My initial attempt was to use the sf::st_intersection function:

sf.polys <- sf::st_make_valid(sf::st_as_sf(polys))
all(sf::st_is_valid(sf.polys))
#> [1] TRUE

sf::st_intersection(sf.polys)
#> Error in CPL_nary_intersection(x): Evaluation error: TopologyException: found non-noded intersection between LINESTRING (-9.80706 -0.619557, -7.66331 -3.55177) and LINESTRING (-9.80706 -0.619557, -9.80706 -0.619557) at -9.8070645468969637 -0.61955676978603658.

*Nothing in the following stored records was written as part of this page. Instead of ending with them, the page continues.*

(* Let $G$ be an $n\times n$ bimatrix game with payoff matrices $R,C\in[0,1]^{n\times n}$ that has a Nash equilibrium which is not a pair of pure strategies. (a) If $G$ satisfies the strong well-supported $(\epsilon,\Delta)$-approximation stability condition, then $\Delta\ge\epsilon/4$. (b) If $G$ satisfies the strong $(\epsilon,\Delta)$-stability to perturbations condition, then $\Delta\ge\epsilon/8$.
   Context: Mixed strategies are probability vectors; payoffs $p^TRq$, $p^TCq$; $e_i$ the $i$-th unit vector; $\mathrm{supp}(p)=\{i:p_i>0\}$. Nash equilibrium: $e_i^TRq\le p^TRq$ and $p^TCe_j\le p^TCq$ for all $i,j$. Well-supported $\epsilon$-equilibrium: for every $i\in\mathrm{supp}(p)$ and all $j$, $e_i^TRq\ge e_j^TRq-\epsilon$, and for every $i\in\mathrm{supp}(q)$ and all $j$, $p^TCe_i\ge p^TCe_j-\epsilon$. Distance $d(p,p')=\frac12\sum_i|p_i-p'_i|$, $d((p,q),(p',q'))=\max(d(p,p'),d(q,q'))$; $\Delta$-close means distance $\le\Delta$. $G'$ (matrices $R',C'$) is an $L_\infty$ $\epsilon$-perturbation of $G$ if $|R_{i,j}-R'_{i,j}|\le\epsilon$ and $|C_{i,j}-C'_{i,j}|\le\epsilon$ for all $i,j$ (entries need not lie in $[0,1]$). Strong well-supported $(\epsilon,\Delta)$-approximation stability: there is a Nash equilibrium $(p^*,q^* )$ of $G$ such that every well-supported $\epsilon$-equilibrium of $G$ is $\Delta$-close to $(p^*,q^* )$. Strong $(\epsilon,\Delta)$-stability to perturbations: there is a Nash equilibrium $(p^*,q^* )$ of $G$ such that for every $L_\infty$ $\epsilon$-perturbation $G'$ of $G$, every Nash equilibrium of $G'$ is $\Delta$-close to $(p^*,q^* )$. *)

theory Defs
  imports Complex_Main
begin

text \<open>Strategies of an n x n bimatrix game are real vectors indexed by a finite
  type 'n (so n = CARD('n)); matrices are functions 'n \<Rightarrow> 'n \<Rightarrow> real.\<close>

definition prob_vec :: "('n::finite \<Rightarrow> real) \<Rightarrow> bool" where
  "prob_vec p \<longleftrightarrow> (\<forall>i. 0 \<le> p i) \<and> (\<Sum>i\<in>UNIV. p i) = 1"

definition bil :: "('n::finite \<Rightarrow> real) \<Rightarrow> ('n \<Rightarrow> 'n \<Rightarrow> real) \<Rightarrow> ('n \<Rightarrow> real) \<Rightarrow> real" where
  "bil p M q = (\<Sum>i\<in>UNIV. \<Sum>j\<in>UNIV. p i * M i j * q j)"

definition unitv :: "'n \<Rightarrow> ('n \<Rightarrow> real)" where
  "unitv i = (\<lambda>k. if k = i then 1 else 0)"

definition supp :: "('n \<Rightarrow> real) \<Rightarrow> 'n set" where
  "supp p = {i. p i > 0}"

definition entries01 :: "('n \<Rightarrow> 'n \<Rightarrow> real) \<Rightarrow> bool" where
  "entries01 M \<longleftrightarrow> (\<forall>i j. 0 \<le> M i j \<and> M i j \<le> 1)"

definition nash :: "('n::finite \<Rightarrow> 'n \<Rightarrow> real) \<Rightarrow> ('n \<Rightarrow> 'n \<Rightarrow> real) \<Rightarrow> ('n \<Rightarrow> real) \<Rightarrow> ('n \<Rightarrow> real) \<Rightarrow> bool" where
  "nash R C p q \<longleftrightarrow> prob_vec p \<and> prob_vec q \<and>
     (\<forall>i. bil (unitv i) R q \<le> bil p R q) \<and> (\<forall>j. bil p C (unitv j) \<le> bil p C q)"

definition ws_eq :: "real \<Rightarrow> ('n::finite \<Rightarrow> 'n \<Rightarrow> real) \<Rightarrow> ('n \<Rightarrow> 'n \<Rightarrow> real) \<Rightarrow> ('n \<Rightarrow> real) \<Rightarrow> ('n \<Rightarrow> real) \<Rightarrow> bool" where
  "ws_eq \<epsilon> R C p q \<longleftrightarrow> prob_vec p \<and> prob_vec q \<and>
     (\<forall>i\<in>supp p. \<forall>j. bil (unitv i) R q \<ge> bil (unitv j) R q - \<epsilon>) \<and>
     (\<forall>i\<in>supp q. \<forall>j. bil p C (unitv i) \<ge> bil p C (unitv j) - \<epsilon>)"

definition dist_strat :: "('n::finite \<Rightarrow> real) \<Rightarrow> ('n \<Rightarrow> real) \<Rightarrow> real" where
  "dist_strat p p' = (1/2) * (\<Sum>i\<in>UNIV. \<bar>p i - p' i\<bar>)"

definition dist_prof :: "('n::finite \<Rightarrow> real) \<Rightarrow> ('n \<Rightarrow> real) \<Rightarrow> ('n \<Rightarrow> real) \<Rightarrow> ('n \<Rightarrow> real) \<Rightarrow> real" where
  "dist_prof p q p' q' = max (dist_strat p p') (dist_strat q q')"

definition pure_pair :: "('n \<Rightarrow> real) \<Rightarrow> ('n \<Rightarrow> real) \<Rightarrow> bool" where
  "pure_pair p q \<longleftrightarrow> (\<exists>i j. p = unitv i \<and> q = unitv j)"

definition perturbation :: "real \<Rightarrow> ('n \<Rightarrow> 'n \<Rightarrow> real) \<Rightarrow> ('n \<Rightarrow> 'n \<Rightarrow> real) \<Rightarrow> ('n \<Rightarrow> 'n \<Rightarrow> real) \<Rightarrow> ('n \<Rightarrow> 'n \<Rightarrow> real) \<Rightarrow> bool" where
  "perturbation \<epsilon> R C R' C' \<longleftrightarrow> (\<forall>i j. \<bar>R i j - R' i j\<bar> \<le> \<epsilon> \<and> \<bar>C i j - C' i j\<bar> \<le> \<epsilon>)"

definition strong_ws_approx_stable :: "real \<Rightarrow> real \<Rightarrow> ('n::finite \<Rightarrow> 'n \<Rightarrow> real) \<Rightarrow> ('n \<Rightarrow> 'n \<Rightarrow> real) \<Rightarrow> bool" where
  "strong_ws_approx_stable \<epsilon> \<Delta> R C \<longleftrightarrow>
     (\<exists>ps qs. nash R C ps qs \<and>
        (\<forall>p q. ws_eq \<epsilon> R C p q \<longrightarrow> dist_prof p q ps qs \<le> \<Delta>))"

definition strong_pert_stable :: "real \<Rightarrow> real \<Rightarrow> ('n::finite \<Rightarrow> 'n \<Rightarrow> real) \<Rightarrow> ('n \<Rightarrow> 'n \<Rightarrow> real) \<Rightarrow> bool" where
  "strong_pert_stable \<epsilon> \<Delta> R C \<longleftrightarrow>
     (\<exists>ps qs. nash R C ps qs \<and>
        (\<forall>R' C' p q. perturbation \<epsilon> R C R' C' \<longrightarrow> nash R' C' p q \<longrightarrow> dist_prof p q ps qs \<le> \<Delta>))"

end

theory Submission
  imports Defs
begin

text \<open>Let \<open>(p, q)\<close> be a Nash equilibrium in which, after transposing the game if necessary,
  the row strategy \<open>p\<close> is mixed, and let \<open>i\<close> be a row with \<open>0 < p i \<le> 1/2\<close>.
  Moving \<open>p\<close> towards \<open>e\<^sub>i\<close> by \<open>\<lambda> = \<epsilon> / (2 (1 - p i))\<close> gives a strategy \<open>p'\<close> at distance
  \<open>\<epsilon>/2\<close> from \<open>p\<close>, supported inside the support of \<open>p\<close> (so every row it uses is still a best
  response to \<open>q\<close>), and changing every column payoff by at most \<open>\<epsilon>/2\<close>.
  Hence \<open>(p', q)\<close> is a well-supported \<open>\<epsilon>\<close>-equilibrium, and it is an exact equilibrium of the
  game whose column matrix is shifted columnwise by these (at most \<open>\<epsilon>/2\<close>) payoff changes.
  Both \<open>(p, q)\<close> and \<open>(p', q)\<close> must be \<open>\<Delta>\<close>-close to the same equilibrium, so \<open>\<epsilon>/2 \<le> 2\<Delta>\<close>.\<close>

definition mat_transpose :: "('n \<Rightarrow> 'n \<Rightarrow> real) \<Rightarrow> ('n \<Rightarrow> 'n \<Rightarrow> real)" where
  "mat_transpose M = (\<lambda>i j. M j i)"

definition shift_toward :: "('n \<Rightarrow> real) \<Rightarrow> 'n \<Rightarrow> real \<Rightarrow> ('n \<Rightarrow> real)" where
  "shift_toward p i l = (\<lambda>k. (1 - l) * p k + l * unitv i k)"

lemma unitv_mult_right: "x * unitv i k = (if k = i then x else 0)"
  by (simp add: unitv_def)

lemma bil_unitv_left: "bil (unitv i) M q = (\<Sum>j\<in>UNIV. M i j * q j)"
  unfolding bil_def
  by (subst sum.swap) (simp add: unitv_def if_distrib[where f="\<lambda>x. x * _"] cong: if_cong)

lemma bil_unitv_right: "bil p M (unitv j) = (\<Sum>i\<in>UNIV. p i * M i j)"
  unfolding bil_def by (simp add: unitv_mult_right cong: if_cong)

lemma bil_unitv_unitv [simp]: "bil (unitv i) M (unitv j) = M i j"
  by (simp add: bil_unitv_left unitv_mult_right cong: if_cong)

lemma bil_expand_left: "bil p M q = (\<Sum>i\<in>UNIV. p i * bil (unitv i) M q)"
  unfolding bil_unitv_left bil_def[of p M q] by (simp add: sum_distrib_left ac_simps)

lemma bil_expand_right: "bil p M q = (\<Sum>j\<in>UNIV. bil p M (unitv j) * q j)"
  unfolding bil_unitv_right bil_def[of p M q] by (subst sum.swap) (simp add: sum_distrib_right)

lemma bil_affine_left: "bil (\<lambda>k. a * p k + b * u k) M q = a * bil p M q + b * bil u M q"
  unfolding bil_def by (simp add: algebra_simps sum.distrib sum_distrib_left)

lemma mat_transpose_mat_transpose [simp]: "mat_transpose (mat_transpose M) = M"
  by (simp add: mat_transpose_def)

lemma bil_mat_transpose [simp]: "bil q (mat_transpose M) p = bil p M q"
  unfolding bil_def mat_transpose_def by (subst sum.swap) (simp add: ac_simps)

lemma entries01_mat_transpose: "entries01 M \<Longrightarrow> entries01 (mat_transpose M)"
  unfolding entries01_def mat_transpose_def by auto

lemma nash_transpose: "nash R C p q \<longleftrightarrow> nash (mat_transpose C) (mat_transpose R) q p"
  unfolding nash_def by auto

lemma ws_eq_transpose: "ws_eq \<epsilon> R C p q \<longleftrightarrow> ws_eq \<epsilon> (mat_transpose C) (mat_transpose R) q p"
  unfolding ws_eq_def by auto

lemma perturbation_transpose:
  "perturbation \<epsilon> R C R' C' \<longleftrightarrow>
   perturbation \<epsilon> (mat_transpose C) (mat_transpose R) (mat_transpose C') (mat_transpose R')"
  unfolding perturbation_def mat_transpose_def by auto

lemma dist_prof_commute: "dist_prof p q p' q' = dist_prof q p q' p'"
  unfolding dist_prof_def by auto

lemma strong_ws_approx_stable_transpose:
  assumes "strong_ws_approx_stable \<epsilon> \<Delta> R C"
  shows "strong_ws_approx_stable \<epsilon> \<Delta> (mat_transpose C) (mat_transpose R)"
proof -
  obtain ps qs where eq: "nash R C ps qs"
    and close: "\<And>p q. ws_eq \<epsilon> R C p q \<Longrightarrow> dist_prof p q ps qs \<le> \<Delta>"
    using assms unfolding strong_ws_approx_stable_def by blast
  have "dist_prof q p qs ps \<le> \<Delta>" if "ws_eq \<epsilon> (mat_transpose C) (mat_transpose R) q p" for p q
    using close[of p q] that ws_eq_transpose[of \<epsilon> R C p q] dist_prof_commute[of q p] by simp
  then show ?thesis
    using eq[THEN nash_transpose[THEN iffD1]] unfolding strong_ws_approx_stable_def by blast
qed

lemma strong_pert_stable_transpose:
  assumes "strong_pert_stable \<epsilon> \<Delta> R C"
  shows "strong_pert_stable \<epsilon> \<Delta> (mat_transpose C) (mat_transpose R)"
proof -
  obtain ps qs where eq: "nash R C ps qs"
    and close: "\<And>R' C' p q. perturbation \<epsilon> R C R' C' \<Longrightarrow> nash R' C' p q \<Longrightarrow>
                  dist_prof p q ps qs \<le> \<Delta>"
    using assms unfolding strong_pert_stable_def by blast
  have "dist_prof q p qs ps \<le> \<Delta>"
    if "perturbation \<epsilon> (mat_transpose C) (mat_transpose R) C' R'" and "nash C' R' q p" for R' C' p q
  proof -
    have "perturbation \<epsilon> R C (mat_transpose R') (mat_transpose C')"
      using that(1) perturbation_transpose[of \<epsilon> R C "mat_transpose R'" "mat_transpose C'"] by simp
    moreover have "nash (mat_transpose R') (mat_transpose C') p q"
      using that(2) nash_transpose[of "mat_transpose R'" "mat_transpose C'" p q] by simp
    ultimately show ?thesis using close dist_prof_commute by metis
  qed
  then show ?thesis
    using eq[THEN nash_transpose[THEN iffD1]] unfolding strong_pert_stable_def by blast
qed

lemma perturbation_refl: "0 \<le> \<epsilon> \<Longrightarrow> perturbation \<epsilon> R C R C"
  by (simp add: perturbation_def)

lemma nash_row_support_payoff:
  assumes "nash R C p q" and "0 < p k"
  shows "bil (unitv k) R q = bil p R q"
proof -
  let ?loss = "\<lambda>i. p i * (bil p R q - bil (unitv i) R q)"
  have pv: "prob_vec p" and best: "\<And>i. bil (unitv i) R q \<le> bil p R q"
    using assms(1) unfolding nash_def by auto
  have "(\<Sum>i\<in>UNIV. ?loss i) = bil p R q * (\<Sum>i\<in>UNIV. p i) - (\<Sum>i\<in>UNIV. p i * bil (unitv i) R q)"
    by (simp add: algebra_simps sum_subtractf sum_distrib_left sum_distrib_right)
  also have "\<dots> = 0"
    using pv bil_expand_left[of p R q] unfolding prob_vec_def by simp
  finally have "?loss k = 0"
    using pv best sum_nonneg_eq_0_iff[of UNIV ?loss] unfolding prob_vec_def by simp
  then show ?thesis using assms(2) by simp
qed

lemma nash_col_support_payoff:
  assumes "nash R C p q" and "0 < q k"
  shows "bil p C (unitv k) = bil p C q"
  using nash_row_support_payoff[OF assms(1)[THEN nash_transpose[THEN iffD1]] assms(2)] by simp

The error is likely related to polygon lines "that are almost coincident but not identical". Multiple solutions (1, 2) have been suggested to solve this GEOS related problem, none of which I have managed to make work with my data:

sf.polys <- sf::st_set_precision(sf.polys, 1e6) 

sf.polys <- sf::st_snap(sf.polys, sf.polys, tolerance = 1e-4)

sf::st_intersection(sf.polys)
#> Error in CPL_nary_intersection(x): Evaluation error: TopologyException: found non-noded intersection between LINESTRING (-13.7114 32.7341, 3.29417 30.3736) and LINESTRING (3.29417 30.3736, 3.29417 30.3736) at 3.2941702528617176 30.373627946201278.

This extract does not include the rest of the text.